Chemotherapy is central to oncology, perceived to operate only on prolific cancerous tissue. Yet, many non-neoplastic tissues are more prolific compared with typical tumors. Chemotherapies achieve sufficient therapeutic windows to exert antineoplastic activity because they are prodrugs that are bioactivated in cancer-specific environments. The advent of precision medicine has obscured this concept, favoring the development of high-potency kinase inhibitors. Inhibitors of essential mitotic kinases exemplify this paradigm shift, but intolerable on-target toxicities in more prolific normal tissues have led to repeated failures in the clinic. Proliferation rates alone cannot be used to achieve cancer specificity. Here, we discuss integrating the cancer specificity of prodrugs from classical chemotherapeutics and the potency of mitotic kinase inhibitors to generate a class of high-precision cancer therapeutics.

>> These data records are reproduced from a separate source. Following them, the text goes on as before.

(* Let $p$ be an odd prime and $0<\alpha_0<\alpha_1<\alpha_*=(p-1)/p$. There is a function $\delta(r)\to0$ as $r\to\infty$, depending only on $p,\alpha_0,\alpha_1$, such that for every $T\le r^3$, \[ \sup_{s\ge\alpha_1r}\mathbb P_s\left(\inf_{0\le t\le T}S_t<\alpha_0r\right)\le T\exp\{-(J_p(\alpha_0,\alpha_1)+\delta(r))r\}. \]
   Context: $J_p(a,b)=\int_a^b\log\left(\frac{(p-1)(1-u)}{u}\right)du$ for $0<a<b<\alpha_*$. Let $(Y_t)$ be the one-column $p$-ary transvection walk on $\mathbb F_p^r\setminus\{0\}$: at each step choose an ordered pair of distinct $i,j\in[r]$ and $a\in\mathbb F_p$ uniformly and replace $Y_i$ by $Y_i+aY_j$. $S_t=|\{i:Y_t(i)\ne0\}|$ is a birth–death chain on $\{1,\dots,r\}$ with birth probability $B_s=\frac{p-1}{p}\frac{s(r-s)}{r(r-1)}$ and death probability $D_s=\frac1p\frac{s(s-1)}{r(r-1)}$; $\mathbb P_s$ is its law from $S_0=s$. *)

theory Defs
  imports "HOL-Probability.Probability"
begin

definition J :: "nat \<Rightarrow> real \<Rightarrow> real \<Rightarrow> real" where
  "J p a b = integral {a..b} (\<lambda>u. ln ((real p - 1) * (1 - u) / u))"

definition birth :: "nat \<Rightarrow> nat \<Rightarrow> nat \<Rightarrow> real" where
  "birth p r s = (real p - 1) / real p * (real s * (real r - real s)) / (real r * (real r - 1))"

definition death :: "nat \<Rightarrow> nat \<Rightarrow> nat \<Rightarrow> real" where
  "death p r s = 1 / real p * (real s * (real s - 1)) / (real r * (real r - 1))"

definition bd_step :: "nat \<Rightarrow> nat \<Rightarrow> nat \<Rightarrow> nat pmf" where
  "bd_step p r s =
     bind_pmf (bernoulli_pmf (birth p r s + death p r s))
       (\<lambda>moves. if moves then
           map_pmf (\<lambda>up. if up then s + 1 else s - 1)
             (bernoulli_pmf (birth p r s / (birth p r s + death p r s)))
         else return_pmf s)"

fun bd_traj :: "nat \<Rightarrow> nat \<Rightarrow> nat \<Rightarrow> nat \<Rightarrow> nat list pmf" where
  "bd_traj p r 0 s = return_pmf [s]"
| "bd_traj p r (Suc T) s =
     bind_pmf (bd_step p r s) (\<lambda>s'. map_pmf (\<lambda>xs. s # xs) (bd_traj p r T s'))"

end

theory Submission
  imports Defs
begin

(* Let c = ceil(alpha0 r), m = ceil(alpha1 r) and w y = prod_{z=c..y} D_z / B_z, so w (c-1) = 1.
   The truncated scale function H x = sum_{y=x..m-1} w y is at least 1 below c, vanishes from m on,
   is harmonic for the chain on [c, m), and has one-step drift D_m w (m-1) <= W = prod_{z=c..m-1} D_z / B_z
   at m. Hence T W + H dominates the probability of entering [0, c) within T steps, which from s >= m
   is therefore at most T W. Finally B_z / D_z = (p-1)(r-z)/(z-1), whose logarithm exceeds the
   decreasing integrand of J at z/r; so -ln W >= r (F(m/r) - F(c/r)) for a primitive F of the
   integrand, and F(m/r) - F(c/r) tends to J_p(alpha0, alpha1). *)

lemma prob_bind_pmf:
  "measure_pmf.prob (bind_pmf M N) X = measure_pmf.expectation M (\<lambda>x. measure_pmf.prob (N x) X)"
  unfolding measure_pmf_bind
  by (rule measure_pmf.measure_bind[where N="count_space UNIV"])
    (auto simp: space_subprob_algebra measure_pmf.subprob_space_axioms)

lemma real_mult_pred_nonneg: "0 \<le> real n * (real n - 1)"
  by (cases n) auto

lemma death_nonneg: "0 \<le> death p r s"
  using real_mult_pred_nonneg[of s] real_mult_pred_nonneg[of r]
  unfolding death_def by (auto intro!: divide_nonneg_nonneg)

lemma birth_nonneg: "s \<le> r \<Longrightarrow> 0 \<le> birth p r s"
  using real_mult_pred_nonneg[of r] unfolding birth_def
  by (cases p) (auto intro!: divide_nonneg_nonneg mult_nonneg_nonneg)

lemma birth_pos: "2 \<le> p \<Longrightarrow> 1 \<le> s \<Longrightarrow> s < r \<Longrightarrow> 0 < birth p r s"
  unfolding birth_def by (intro divide_pos_pos mult_pos_pos) auto

lemma death_pos: "0 < p \<Longrightarrow> 2 \<le> s \<Longrightarrow> s \<le> r \<Longrightarrow> 0 < death p r s"
  unfolding death_def by (intro divide_pos_pos mult_pos_pos) auto

lemma birth_top [simp]: "birth p r r = 0"
  unfolding birth_def by simp

lemma birth_plus_death_le_1:
  assumes "s \<le> r"
  shows "birth p r s + death p r s \<le> 1"
proof (cases "p = 0 \<or> r \<le> 1")
  case True
  then have "real p = 0 \<or> real r * (real r - 1) = 0"
    by (auto simp: le_Suc_eq)
  then show ?thesis
    unfolding birth_def death_def by auto
next
  case False
  then have p: "1 \<le> real p" and r: "0 < real r * (real r - 1)"
    by auto
  have s: "real s \<le> real r"
    using assms by simp
  have "real s * (real r - real s) \<le> real r * (real r - 1)"
  proof (cases "s = 0")
    case False
    have "real r * (real r - 1) - real s * (real r - real s)
        = (real r - real s)\<^sup>2 + real r * (real s - 1)"
      by (simp add: algebra_simps power2_eq_square)
    moreover have "0 \<le> real r * (real s - 1)"
      using False by simp
    ultimately show ?thesis
      by (smt (verit) zero_le_power2)
  qed (use r in simp)
  moreover have "real s * (real s - 1) \<le> real r * (real r - 1)"
    using s real_mult_pred_nonneg[of r] by (cases s) (auto intro: mult_mono)
  ultimately have "(real p - 1) * (real s * (real r - real s)) + real s * (real s - 1)
      \<le> (real p - 1) * (real r * (real r - 1)) + real r * (real r - 1)"
    using p by (intro add_mono mult_left_mono) auto
  moreover have "birth p r s + death p r s = ((real p - 1) * (real s * (real r - real s))
      + real s * (real s - 1)) / (real p * (real r * (real r - 1)))"
    unfolding birth_def death_def by (simp add: add_divide_distrib)
  ultimately show ?thesis
    using p r by (simp add: algebra_simps)
qed

lemma expectation_bd_step:
  fixes f :: "nat \<Rightarrow> real"
  assumes "x \<le> r"
  shows "measure_pmf.expectation (bd_step p r x) f =
    birth p r x * f (x + 1) + death p r x * f (x - 1) + (1 - birth p r x - death p r x) * f x"
proof -
  define B where "B = birth p r x"
  define D where "D = death p r x"
  have BD: "0 \<le> B" "0 \<le> D" "B + D \<le> 1"
    using assms birth_nonneg death_nonneg birth_plus_death_le_1 by (auto simp: B_def D_def)
  have e: "measure_pmf.expectation (bd_step p r x) f =
     measure_pmf.expectation (bernoulli_pmf (B + D)) (\<lambda>moves. measure_pmf.expectation (if moves then
           map_pmf (\<lambda>up. if up then x + 1 else x - 1) (bernoulli_pmf (B / (B + D)))
         else return_pmf x) f)"
    unfolding bd_step_def B_def[symmetric] D_def[symmetric]
    by (subst pmf_expectation_bind[where A=UNIV]) (auto simp: UNIV_bool integral_measure_pmf[of UNIV])
  show ?thesis
  proof (cases "B + D = 0")
    case True
    then have "B = 0" "D = 0"
      using BD by auto
    then show ?thesis
      unfolding e by (simp add: B_def[symmetric] D_def[symmetric])
  next
    case False
    then have "0 < B + D" "B / (B + D) \<le> 1"
      using BD by auto
    then have E: "measure_pmf.expectation (bd_step p r x) f = (B + D) * (B / (B + D)) * f (x + 1)
        + (B + D) * (1 - B / (B + D)) * f (x - 1) + (1 - (B + D)) * f x"
      unfolding e using BD by (simp add: algebra_simps)
    moreover have "(B + D) * (B / (B + D)) = B" "(B + D) * (1 - B / (B + D)) = D"
      using False by (auto simp: field_simps)
    ultimately show ?thesis
      unfolding E by (simp add: B_def D_def algebra_simps)
  qed
qed
(* Let $(\mathcal K,[\cdot,\cdot])$ be a Krein space and let $T$ be a closed, densely defined linear operator in $\mathcal K$ such that $\rho(T^{[*]}T)\neq\emptyset$ and $\rho(TT^{[*]})\neq\emptyset$. Then $$\sigma(T^{[*]}T)\setminus\{0\}=\sigma(TT^{[*]})\setminus\{0\},$$ and there exists a constant $C>0$ depending only on $T$ such that for all $\lambda,\mu\in\rho(T^{[*]}T)$ with $\lambda\neq0$, $$\|(T^{[*]}T-\lambda)^{-1}\|\le\frac{C\,M_1(\lambda)M_2(\mu)}{|\lambda|}\Big(|\mu|+|\lambda-\mu|\,(2+|\lambda|)(2+|\mu|)\Big),$$ where $M_1(\lambda):=\max\{1,\|(TT^{[*]}-\lambda)^{-1}\|\}$ and $M_2(\mu):=\max\{1,\|(T^{[*]}T-\mu)^{-1}\|\}$.
   Context: $\mathcal K$ is equipped with a Banach norm $\|\cdot\|$ for which $[\cdot,\cdot]$ is continuous. $T^{[*]}$ is the Krein space adjoint of $T$; products have natural domains. For an operator $S$ in $\mathcal K$, $\rho(S)$ is the set of $\lambda\in\mathbb C$ with $S-\lambda:\operatorname{dom}S\to\mathcal K$ bijective and $(S-\lambda)^{-1}$ bounded; $\sigma(S)=\mathbb C\setminus\rho(S)$. *)

theory Defs
  imports "HOL-Analysis.Analysis"
begin

text \<open>HOL-Analysis has no complex vector spaces.  A complex Banach space is modelled
  as a real Banach space of type 'a together with a map J (multiplication by i).\<close>

definition cscale :: "('a::real_vector \<Rightarrow> 'a) \<Rightarrow> complex \<Rightarrow> 'a \<Rightarrow> 'a" where
  "cscale J c x = Re c *\<^sub>R x + Im c *\<^sub>R J x"

definition complex_structure :: "('a::real_normed_vector \<Rightarrow> 'a) \<Rightarrow> bool" where
  "complex_structure J \<longleftrightarrow> linear J \<and> (\<forall>x. J (J x) = - x)
     \<and> (\<forall>c x. norm (cscale J c x) = cmod c * norm x)"

definition csubspace :: "('a::real_vector \<Rightarrow> 'a) \<Rightarrow> 'a set \<Rightarrow> bool" where
  "csubspace J S \<longleftrightarrow> 0 \<in> S \<and> (\<forall>x\<in>S. \<forall>y\<in>S. x + y \<in> S)
     \<and> (\<forall>c. \<forall>x\<in>S. cscale J c x \<in> S)"

definition hermitian_form :: "('a::real_vector \<Rightarrow> 'a) \<Rightarrow> ('a \<Rightarrow> 'a \<Rightarrow> complex) \<Rightarrow> bool" where
  "hermitian_form J ip \<longleftrightarrow>
     (\<forall>x y z. ip (x + y) z = ip x z + ip y z)
   \<and> (\<forall>c x y. ip (cscale J c x) y = c * ip x y)
   \<and> (\<forall>x y. ip y x = cnj (ip x y))"

definition hilbert_part :: "('a::real_vector \<Rightarrow> 'a \<Rightarrow> complex) \<Rightarrow> real \<Rightarrow> 'a set \<Rightarrow> bool" where
  "hilbert_part ip s S \<longleftrightarrow>
     (\<forall>x\<in>S. x \<noteq> 0 \<longrightarrow> s * Re (ip x x) > 0)
   \<and> (\<forall>X::nat \<Rightarrow> 'a. (\<forall>n. X n \<in> S) \<and>
          (\<forall>e>0. \<exists>N. \<forall>m\<ge>N. \<forall>n\<ge>N. s * Re (ip (X m - X n) (X m - X n)) < e)
        \<longrightarrow> (\<exists>x\<in>S. \<forall>e>0. \<exists>N. \<forall>n\<ge>N. s * Re (ip (X n - x) (X n - x)) < e))"

definition krein_space :: "('a::{real_normed_vector,banach} \<Rightarrow> 'a) \<Rightarrow> ('a \<Rightarrow> 'a \<Rightarrow> complex) \<Rightarrow> bool" where
  "krein_space J ip \<longleftrightarrow> complex_structure J \<and> hermitian_form J ip
   \<and> (\<exists>c. \<forall>x y. cmod (ip x y) \<le> c * norm x * norm y)
   \<and> (\<exists>Kp Km. csubspace J Kp \<and> csubspace J Km \<and> Kp \<inter> Km = {0}
        \<and> (\<forall>x. \<exists>p\<in>Kp. \<exists>m\<in>Km. x = p + m)
        \<and> (\<forall>p\<in>Kp. \<forall>m\<in>Km. ip p m = 0)
        \<and> hilbert_part ip 1 Kp \<and> hilbert_part ip (-1) Km)"

type_synonym 'a lop = "'a set \<times> ('a \<Rightarrow> 'a)"

definition linear_op :: "('a::real_vector \<Rightarrow> 'a) \<Rightarrow> 'a lop \<Rightarrow> bool" where
  "linear_op J T \<longleftrightarrow> csubspace J (fst T)
   \<and> (\<forall>x\<in>fst T. \<forall>y\<in>fst T. snd T (x + y) = snd T x + snd T y)
   \<and> (\<forall>c. \<forall>x\<in>fst T. snd T (cscale J c x) = cscale J c (snd T x))"

definition closed_op :: "('a::topological_space) lop \<Rightarrow> bool" where
  "closed_op T \<longleftrightarrow> closed {(x, snd T x) | x. x \<in> fst T}"

definition densely_defined :: "('a::topological_space) lop \<Rightarrow> bool" where
  "densely_defined T \<longleftrightarrow> closure (fst T) = UNIV"

definition kadj :: "('a \<Rightarrow> 'a \<Rightarrow> complex) \<Rightarrow> 'a lop \<Rightarrow> 'a lop" where
  "kadj ip T = ({y. \<exists>z. \<forall>x\<in>fst T. ip (snd T x) y = ip x z},
               (\<lambda>y. THE z. \<forall>x\<in>fst T. ip (snd T x) y = ip x z))"

definition op_comp :: "'a lop \<Rightarrow> 'a lop \<Rightarrow> 'a lop" where
  "op_comp A B = ({x \<in> fst B. snd B x \<in> fst A}, snd A \<circ> snd B)"

definition resolvent :: "('a::real_vector \<Rightarrow> 'a) \<Rightarrow> 'a lop \<Rightarrow> complex \<Rightarrow> 'a \<Rightarrow> 'a" where
  "resolvent J S l = the_inv_into (fst S) (\<lambda>x. snd S x - cscale J l x)"

definition resolvent_set :: "('a::real_normed_vector \<Rightarrow> 'a) \<Rightarrow> 'a lop \<Rightarrow> complex set" where
  "resolvent_set J S = {l. bij_betw (\<lambda>x. snd S x - cscale J l x) (fst S) UNIV
       \<and> (\<exists>C. \<forall>y. norm (resolvent J S l y) \<le> C * norm y)}"

definition spectrum_op :: "('a::real_normed_vector \<Rightarrow> 'a) \<Rightarrow> 'a lop \<Rightarrow> complex set" where
  "spectrum_op J S = - resolvent_set J S"

end

theory Submission
  imports Defs
begin
definition brace_lambda :: "('a, 'b) monoid_scheme \<Rightarrow> ('a, 'c) monoid_scheme \<Rightarrow> 'a \<Rightarrow> 'a \<Rightarrow> 'a" where
  "brace_lambda G M a b = inv\<^bsub>G\<^esub> a \<otimes>\<^bsub>G\<^esub> (a \<otimes>\<^bsub>M\<^esub> b)"

definition brace_star :: "('a, 'b) monoid_scheme \<Rightarrow> ('a, 'c) monoid_scheme \<Rightarrow> 'a \<Rightarrow> 'a \<Rightarrow> 'a" where
  "brace_star G M a b = brace_lambda G M a b \<otimes>\<^bsub>G\<^esub> inv\<^bsub>G\<^esub> b"

definition brace_star_set :: "('a, 'b) monoid_scheme \<Rightarrow> ('a, 'c) monoid_scheme \<Rightarrow> 'a set \<Rightarrow> 'a set \<Rightarrow> 'a set" where
  "brace_star_set G M L K = generate G {brace_star G M l k | l k. l \<in> L \<and> k \<in> K}"

text \<open>brace_series G M r = A^(r) for r >= 1 (A^(1) = A, A^(r+1) = A^(r) * A);
  the value at r = 0 is an irrelevant convention (A).\<close>
fun brace_series :: "('a, 'b) monoid_scheme \<Rightarrow> ('a, 'c) monoid_scheme \<Rightarrow> nat \<Rightarrow> 'a set" where
  "brace_series G M 0 = carrier G"
| "brace_series G M (Suc 0) = carrier G"
| "brace_series G M (Suc (Suc r)) = brace_star_set G M (brace_series G M (Suc r)) (carrier G)"

definition subbrace :: "('a, 'b) monoid_scheme \<Rightarrow> ('a, 'c) monoid_scheme \<Rightarrow> 'a set \<Rightarrow> bool" where
  "subbrace G M S \<longleftrightarrow> subgroup S G \<and> subgroup S M"
lemma div_bounds:
  assumes "0 < b" "- int A \<le> k" "k \<le> int A + int b * int D"
  shows "- int A \<le> k div int b \<and> k div int b \<le> int A + int D"
proof
  have "- int A * int b \<le> - int A" using assms(1) by (simp add: mult_le_cancel_left1)
  hence "- int A * int b \<le> k" using assms(2) by linarith
  hence "(- int A * int b) div int b \<le> k div int b" using assms(1) by (intro zdiv_mono1) auto
  moreover have "(- int A * int b) div int b = - int A"
    by (rule nonzero_mult_div_cancel_right) (use assms(1) in simp)
  ultimately show "- int A \<le> k div int b" by simp
next
  have "k div int b \<le> (int A + int b * int D) div int b" using assms(1,3) by (intro zdiv_mono1) auto
  also have "\<dots> = int A div int b + int D" using assms(1) by simp
  also have "\<dots> \<le> int A + int D" unfolding zdiv_int[symmetric] by simp
  finally show "k div int b \<le> int A + int D" .
qed

lemma slot_window:
  fixes b r A D :: nat
  assumes "0 < b"
  defines "T \<equiv> {(i,k). slot b i k < r \<and> - int A \<le> k \<and> k \<le> int A + int b * int D}"
  shows "finite T" and "card T \<le> r * (2 * A + D + 1)"
proof -
  let ?g = "\<lambda>(i,k). (slot b i k, k div int b)"
  have into: "?g ` T \<subseteq> {..<r} \<times> {- int A .. int A + int D}"
    using div_bounds[OF assms(1)] unfolding T_def by auto
  have inj: "inj_on ?g T"
    using slot_div_inj[OF assms(1)] by (auto intro!: inj_onI)
  show "finite T" by (rule inj_on_finite[OF inj into]) simp
  have "card T \<le> card ({..<r} \<times> {- int A .. int A + int D})"
    by (rule card_inj_on_le[OF inj into]) simp
  also have "\<dots> = r * (2 * A + D + 1)"
    by (simp add: card_cartesian_product nat_add_distrib nat_mult_distrib)
  finally show "card T \<le> r * (2 * A + D + 1)" .
qed
lemma neg_mult_ln_wnorm_eq_moment:
  "1 < p \<Longrightarrow> - p * ln (wnorm G (conj_exp p) (weight_root \<omega> p) \<mu>)
    = - (ln (moment (1 / (p - 1))) / (1 / (p - 1)))"
  unfolding moment_def by (rule neg_mult_ln_wnorm_conj_exp)

lemma mono_on_neg_mult_ln_wnorm:
  "mono_on {p0..} (\<lambda>p. - p * ln (wnorm G (conj_exp p) (weight_root \<omega> p) \<mu>))"
proof (rule mono_onI)
  fix x y assume xy: "x \<in> {p0..}" "y \<in> {p0..}" "x \<le> y"
  then have "1 < x" "1 < y" using p0 by auto
  with xy p0 have "ln (moment (1 / (y - 1))) / (1 / (y - 1)) \<le> ln (moment (1 / (x - 1))) / (1 / (x - 1))"
    by (intro ln_moment_div_mono) (auto intro: divide_left_mono)
  then show "- x * ln (wnorm G (conj_exp x) (weight_root \<omega> x) \<mu>)
    \<le> - y * ln (wnorm G (conj_exp y) (weight_root \<omega> y) \<mu>)"
    unfolding neg_mult_ln_wnorm_eq_moment[OF \<open>1 < x\<close>] neg_mult_ln_wnorm_eq_moment[OF \<open>1 < y\<close>]
    by simp
qed

lemma neg_mult_ln_wnorm_tendsto_weighted_entropy:
  assumes "finite_entropy G \<mu>" "finite_log_moment G \<omega> \<mu>"
  shows "((\<lambda>p. - p * ln (wnorm G (conj_exp p) (weight_root \<omega> p) \<mu>))
    \<longlongrightarrow> weighted_entropy G \<omega> \<mu>) at_top"
proof -
  have "((\<lambda>p. - (ln (moment (1 / (p - 1))) / (1 / (p - 1)))) \<longlongrightarrow> weighted_entropy G \<omega> \<mu>) at_top"
    unfolding weighted_entropy_def using summable_mass_ln_mass_weight[OF assms]
    by (intro tendsto_minus filterlim_compose[OF ln_moment_div_tendsto filterlim_one_div_pred_at_right_0])
  moreover have "\<forall>\<^sub>F p in at_top. - (ln (moment (1 / (p - 1))) / (1 / (p - 1)))
      = - p * ln (wnorm G (conj_exp p) (weight_root \<omega> p) \<mu>)"
    using eventually_gt_at_top[of 1] by eventually_elim (rule neg_mult_ln_wnorm_eq_moment[symmetric])
  ultimately show ?thesis
    by (rule Lim_transform_eventually)
qed

end

end
lemma weighted_Cauchy_Schwarz_nn_integral:
  fixes u :: "'a::euclidean_space \<Rightarrow> ennreal" and w q :: "'a \<Rightarrow> real"
  assumes A[measurable]: "A \<in> sets borel"
    and u[measurable]: "(\<lambda>x. indicator A x * u x) \<in> borel_measurable borel"
    and "continuous_on A w" and "continuous_on A q"
    and w_pos: "\<And>x. x \<in> A \<Longrightarrow> w x > 0" and q_nonneg: "\<And>x. x \<in> A \<Longrightarrow> q x \<ge> 0"
  shows "(\<integral>\<^sup>+x. indicator A x * u x * ennreal (q x) \<partial>lborel)\<^sup>2
    \<le> (\<integral>\<^sup>+x. indicator A x * ennreal (w x) * (u x)\<^sup>2 \<partial>lborel)
      * (\<integral>\<^sup>+x. indicator A x * ennreal ((q x)\<^sup>2 / w x) \<partial>lborel)"
proof -
  define F where "F x = indicator A x * u x * ennreal (indicator A x *\<^sub>R sqrt (w x))" for x
  define G where "G x = ennreal (indicator A x *\<^sub>R (q x / sqrt (w x)))" for x
  have "continuous_on A (\<lambda>x. sqrt (w x))"
    using assms(3) by (intro continuous_intros)
  then have [measurable]: "(\<lambda>x. indicator A x *\<^sub>R sqrt (w x)) \<in> borel_measurable borel"
    by (rule borel_measurable_continuous_on_indicator[OF A])
  have "continuous_on A (\<lambda>x. q x / sqrt (w x))"
    using assms(3,4) by (auto intro!: continuous_intros) (metis less_irrefl w_pos)
  then have [measurable]: "(\<lambda>x. indicator A x *\<^sub>R (q x / sqrt (w x))) \<in> borel_measurable borel"
    by (rule borel_measurable_continuous_on_indicator[OF A])
  have "F \<in> borel_measurable lborel" "G \<in> borel_measurable lborel"
    unfolding F_def[abs_def] G_def[abs_def] by measurable
  then have "(\<integral>\<^sup>+x. F x * G x \<partial>lborel)\<^sup>2 \<le> (\<integral>\<^sup>+x. (F x)\<^sup>2 \<partial>lborel) * (\<integral>\<^sup>+x. (G x)\<^sup>2 \<partial>lborel)"
    by (rule Cauchy_Schwarz_nn_integral)
  moreover have "F x * G x = indicator A x * u x * ennreal (q x)" for x
  proof (cases "x \<in> A")
    case True
    then have "ennreal (sqrt (w x)) * ennreal (q x / sqrt (w x)) = ennreal (q x)"
      using w_pos[OF True] q_nonneg[OF True] by (simp add: ennreal_mult[symmetric])
    then show ?thesis
      using True by (simp add: F_def G_def mult.assoc)
  qed (simp add: F_def G_def)
  moreover have "(F x)\<^sup>2 = indicator A x * ennreal (w x) * (u x)\<^sup>2" for x
  proof (cases "x \<in> A")
    case True
    then show ?thesis
      using w_pos[OF True] by (simp add: F_def power_mult_distrib ennreal_power mult.commute)
  qed (simp add: F_def)
  moreover have "(G x)\<^sup>2 = indicator A x * ennreal ((q x)\<^sup>2 / w x)" for x
  proof (cases "x \<in> A")
    case True
    then show ?thesis
      using w_pos[OF True] q_nonneg[OF True] by (simp add: G_def ennreal_power power_divide)
  qed (simp add: G_def)
  ultimately show ?thesis
    by simp
qed

section \<open>Planar derivatives\<close>

lemma frechet_derivative_eq_dx_dy:
  assumes "f differentiable (at z)"
  shows "frechet_derivative f (at z) w = of_real (Re w) * dx f z + of_real (Im w) * dy f z"
proof -
  have "linear (frechet_derivative f (at z))"
    using assms by (simp add: frechet_derivative_works has_derivative_linear)
  then have "frechet_derivative f (at z) (Re w *\<^sub>R 1 + Im w *\<^sub>R \<i>)
      = Re w *\<^sub>R frechet_derivative f (at z) 1 + Im w *\<^sub>R frechet_derivative f (at z) \<i>"
    by (simp add: linear_add linear_scale)
  moreover have "Re w *\<^sub>R 1 + Im w *\<^sub>R \<i> = w"
    by (simp add: complex_eq_iff)
  ultimately show ?thesis
    by (simp add: dx_def dy_def scaleR_conv_of_real)
qed

lemma frechet_derivative_eq_wirtinger:
  assumes "f differentiable (at z)"
  shows "frechet_derivative f (at z) w = dz f z * w + dzbar f z * cnj w"
  using frechet_derivative_eq_dx_dy[OF assms]
  by (simp add: dz_def dzbar_def complex_eq_iff field_simps)

lemma jac_eq_det: "jac f z = Re (dx f z) * Im (dy f z) - Im (dx f z) * Re (dy f z)"
  unfolding jac_def dz_def dzbar_def cmod_power2
  by (simp add: power2_eq_square field_simps)
lemma fock_norm_eq_gauss_modulus:
  fixes g :: "complex^'n \<Rightarrow> complex"
  assumes "\<alpha> > 0" "p > 0" and g: "g \<in> borel_measurable lborel"
  shows "integrable (gauss_measure (\<alpha> * p / 2)) (\<lambda>z. norm (g z) powr p)
           \<longleftrightarrow> integrable lborel (\<lambda>z. gauss_modulus \<alpha> g z powr p)"
    and "fock_norm p \<alpha> g = ((\<alpha> * p / 2 / pi) powr (1/p)) ^ CARD('n)
           * (integral\<^sup>L lborel (\<lambda>z. gauss_modulus \<alpha> g z powr p)) powr (1/p)"
proof -
  define c where "c = (\<alpha> * p / 2 / pi) ^ CARD('n)"
  have c: "c > 0" and ap: "\<alpha> * p / 2 > 0"
    using assms by (simp_all add: c_def)
  have meas: "(\<lambda>z. norm (g z) powr p) \<in> borel_measurable lborel"
    using g by measurable
  have weight: "((\<alpha> * p / 2 / pi)^CARD('n) * exp (- (\<alpha> * p / 2) * (norm z)\<^sup>2)) *\<^sub>R (norm (g z) powr p)
        = c * gauss_modulus \<alpha> g z powr p" for z
    by (simp add: c_def gauss_modulus_def powr_mult exp_powr_real algebra_simps)
  show "integrable (gauss_measure (\<alpha> * p / 2)) (\<lambda>z. norm (g z) powr p)
           \<longleftrightarrow> integrable lborel (\<lambda>z. gauss_modulus \<alpha> g z powr p)"
    unfolding gauss_measure_integral(2)[OF ap meas] weight using c by simp
  have "fock_norm p \<alpha> g = (c * integral\<^sup>L lborel (\<lambda>z. gauss_modulus \<alpha> g z powr p)) powr (1/p)"
    unfolding fock_norm_def gauss_measure_integral(1)[OF ap meas] weight by simp
  also have "\<dots> = c powr (1/p) * (integral\<^sup>L lborel (\<lambda>z. gauss_modulus \<alpha> g z powr p)) powr (1/p)"
    using c by (simp add: powr_mult integral_nonneg)
  also have "c powr (1/p) = ((\<alpha> * p / 2 / pi) powr (1/p)) ^ CARD('n)"
  proof -
    define x where "x = \<alpha> * p / 2 / pi"
    have "x > 0"
      using ap by (simp add: x_def)
    then have "(x ^ CARD('n)) powr (1/p) = x powr (CARD('n) / p)"
      by (simp add: powr_powr flip: powr_realpow)
    also have "\<dots> = (x powr (1/p)) ^ CARD('n)"
      using powr_power[of x "1/p" "CARD('n)"] \<open>x > 0\<close> by simp
    finally show ?thesis
      by (simp add: c_def x_def)
  qed
  finally show "fock_norm p \<alpha> g = ((\<alpha> * p / 2 / pi) powr (1/p)) ^ CARD('n)
           * (integral\<^sup>L lborel (\<lambda>z. gauss_modulus \<alpha> g z powr p)) powr (1/p)" .
qed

化疗是肿瘤学的核心，被认为仅对多产的癌组织起作用。然而，与典型肿瘤相比，许多非肿瘤组织更加多产。化学疗法实现了足够的治疗窗口以发挥抗肿瘤活性，因为它们是在癌症特定环境中被生物激活的前药。精准医学的出现模糊了这一概念，有利于高效激酶抑制剂的开发。必需有丝分裂激酶的抑制剂就是这种范式转变的例证，但在更多产的正常组织中难以忍受的靶向毒性导致临床上反复失败。单独的增殖率不能用于实现癌症特异性。在这里，我们讨论将经典化疗药物前药的​​癌症特异性和有丝分裂激酶抑制剂的效力结合起来，以产生一类高精度的癌症疗法。